[Stored data]
-=-=-=-=-
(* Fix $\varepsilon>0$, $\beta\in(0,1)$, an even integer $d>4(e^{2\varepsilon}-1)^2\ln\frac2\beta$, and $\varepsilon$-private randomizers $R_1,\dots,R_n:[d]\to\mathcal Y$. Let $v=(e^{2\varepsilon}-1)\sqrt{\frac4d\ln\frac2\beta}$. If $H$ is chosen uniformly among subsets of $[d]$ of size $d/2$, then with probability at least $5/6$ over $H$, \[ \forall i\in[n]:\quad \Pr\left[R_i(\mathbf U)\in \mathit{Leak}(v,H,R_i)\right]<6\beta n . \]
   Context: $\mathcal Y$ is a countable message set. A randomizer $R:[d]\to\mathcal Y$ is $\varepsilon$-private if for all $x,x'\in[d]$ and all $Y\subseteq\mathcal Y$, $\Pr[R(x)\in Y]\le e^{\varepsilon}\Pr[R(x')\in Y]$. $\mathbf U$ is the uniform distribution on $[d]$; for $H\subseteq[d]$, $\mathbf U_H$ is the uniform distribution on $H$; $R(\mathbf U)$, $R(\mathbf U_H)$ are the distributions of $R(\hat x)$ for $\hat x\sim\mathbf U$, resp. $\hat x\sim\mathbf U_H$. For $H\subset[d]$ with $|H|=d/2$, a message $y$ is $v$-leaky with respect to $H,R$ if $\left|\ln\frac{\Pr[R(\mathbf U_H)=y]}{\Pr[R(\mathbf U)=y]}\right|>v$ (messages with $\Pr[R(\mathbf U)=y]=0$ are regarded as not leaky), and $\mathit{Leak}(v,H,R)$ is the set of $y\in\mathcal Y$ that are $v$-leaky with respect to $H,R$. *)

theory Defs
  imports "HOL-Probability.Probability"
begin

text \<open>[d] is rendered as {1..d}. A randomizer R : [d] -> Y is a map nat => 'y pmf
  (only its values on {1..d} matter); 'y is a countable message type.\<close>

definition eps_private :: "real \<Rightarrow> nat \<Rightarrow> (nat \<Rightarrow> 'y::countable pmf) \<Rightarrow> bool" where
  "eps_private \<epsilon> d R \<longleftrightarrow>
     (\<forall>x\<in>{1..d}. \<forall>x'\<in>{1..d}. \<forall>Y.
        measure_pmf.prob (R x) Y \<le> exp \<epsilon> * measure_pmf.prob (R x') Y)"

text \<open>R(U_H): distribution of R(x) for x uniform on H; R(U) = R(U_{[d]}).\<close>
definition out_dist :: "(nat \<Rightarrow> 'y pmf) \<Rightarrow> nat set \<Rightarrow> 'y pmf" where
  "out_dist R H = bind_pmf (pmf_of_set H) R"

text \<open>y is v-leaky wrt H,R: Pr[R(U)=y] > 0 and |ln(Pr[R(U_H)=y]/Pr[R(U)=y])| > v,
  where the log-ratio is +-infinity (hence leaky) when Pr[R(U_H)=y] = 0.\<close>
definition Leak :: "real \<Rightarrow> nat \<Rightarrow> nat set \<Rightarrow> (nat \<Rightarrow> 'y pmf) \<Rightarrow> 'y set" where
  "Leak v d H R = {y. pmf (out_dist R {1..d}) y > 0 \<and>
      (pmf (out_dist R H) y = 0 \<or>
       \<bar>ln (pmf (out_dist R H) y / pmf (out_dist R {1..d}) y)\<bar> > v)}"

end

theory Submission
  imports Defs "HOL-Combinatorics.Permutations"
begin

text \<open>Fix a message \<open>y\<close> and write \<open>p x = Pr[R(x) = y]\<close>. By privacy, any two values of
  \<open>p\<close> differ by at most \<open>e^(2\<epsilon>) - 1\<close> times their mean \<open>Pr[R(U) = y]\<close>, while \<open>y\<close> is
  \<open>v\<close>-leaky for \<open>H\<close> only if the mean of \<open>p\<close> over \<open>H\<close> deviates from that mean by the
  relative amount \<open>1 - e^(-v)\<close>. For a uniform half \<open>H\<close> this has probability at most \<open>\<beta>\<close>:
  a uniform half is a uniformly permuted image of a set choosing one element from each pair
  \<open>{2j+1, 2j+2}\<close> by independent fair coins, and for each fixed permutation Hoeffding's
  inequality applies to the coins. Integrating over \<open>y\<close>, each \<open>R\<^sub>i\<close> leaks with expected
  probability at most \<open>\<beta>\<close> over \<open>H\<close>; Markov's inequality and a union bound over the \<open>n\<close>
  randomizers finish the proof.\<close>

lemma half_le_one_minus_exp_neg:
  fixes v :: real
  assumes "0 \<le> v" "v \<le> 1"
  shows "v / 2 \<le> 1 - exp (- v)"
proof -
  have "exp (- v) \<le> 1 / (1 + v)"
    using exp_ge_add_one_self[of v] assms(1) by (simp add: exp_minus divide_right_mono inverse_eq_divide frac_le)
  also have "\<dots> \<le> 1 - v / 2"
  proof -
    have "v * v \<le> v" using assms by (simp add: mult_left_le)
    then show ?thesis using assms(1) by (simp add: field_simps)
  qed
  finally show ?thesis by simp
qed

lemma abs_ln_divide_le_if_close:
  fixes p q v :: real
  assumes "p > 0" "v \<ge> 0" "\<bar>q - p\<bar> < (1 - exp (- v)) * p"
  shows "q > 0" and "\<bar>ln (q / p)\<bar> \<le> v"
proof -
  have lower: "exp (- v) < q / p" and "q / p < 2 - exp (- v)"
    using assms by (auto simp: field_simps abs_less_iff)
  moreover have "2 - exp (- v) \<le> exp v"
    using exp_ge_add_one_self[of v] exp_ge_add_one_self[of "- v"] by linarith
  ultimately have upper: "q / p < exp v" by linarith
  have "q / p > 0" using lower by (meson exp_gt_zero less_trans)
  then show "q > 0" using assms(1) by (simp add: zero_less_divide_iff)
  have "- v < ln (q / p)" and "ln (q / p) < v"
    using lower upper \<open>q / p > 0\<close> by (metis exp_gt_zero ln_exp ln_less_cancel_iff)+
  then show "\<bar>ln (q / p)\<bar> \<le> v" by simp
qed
-=-=-=-=-
• Problem details: For this exercise, please copy exactly the lines from the one holding "p < 2 - exp" through the end of the records, the first and last included.

• Written response:
  have lower: "exp (- v) < q / p" and "q / p < 2 - exp (- v)"
    using assms by (auto simp: field_simps abs_less_iff)
  moreover have "2 - exp (- v) \<le> exp v"
    using exp_ge_add_one_self[of v] exp_ge_add_one_self[of "- v"] by linarith
  ultimately have upper: "q / p < exp v" by linarith
  have "q / p > 0" using lower by (meson exp_gt_zero less_trans)
  then show "q > 0" using assms(1) by (simp add: zero_less_divide_iff)
  have "- v < ln (q / p)" and "ln (q / p) < v"
    using lower upper \<open>q / p > 0\<close> by (metis exp_gt_zero ln_exp ln_less_cancel_iff)+
  then show "\<bar>ln (q / p)\<bar> \<le> v" by simp
qed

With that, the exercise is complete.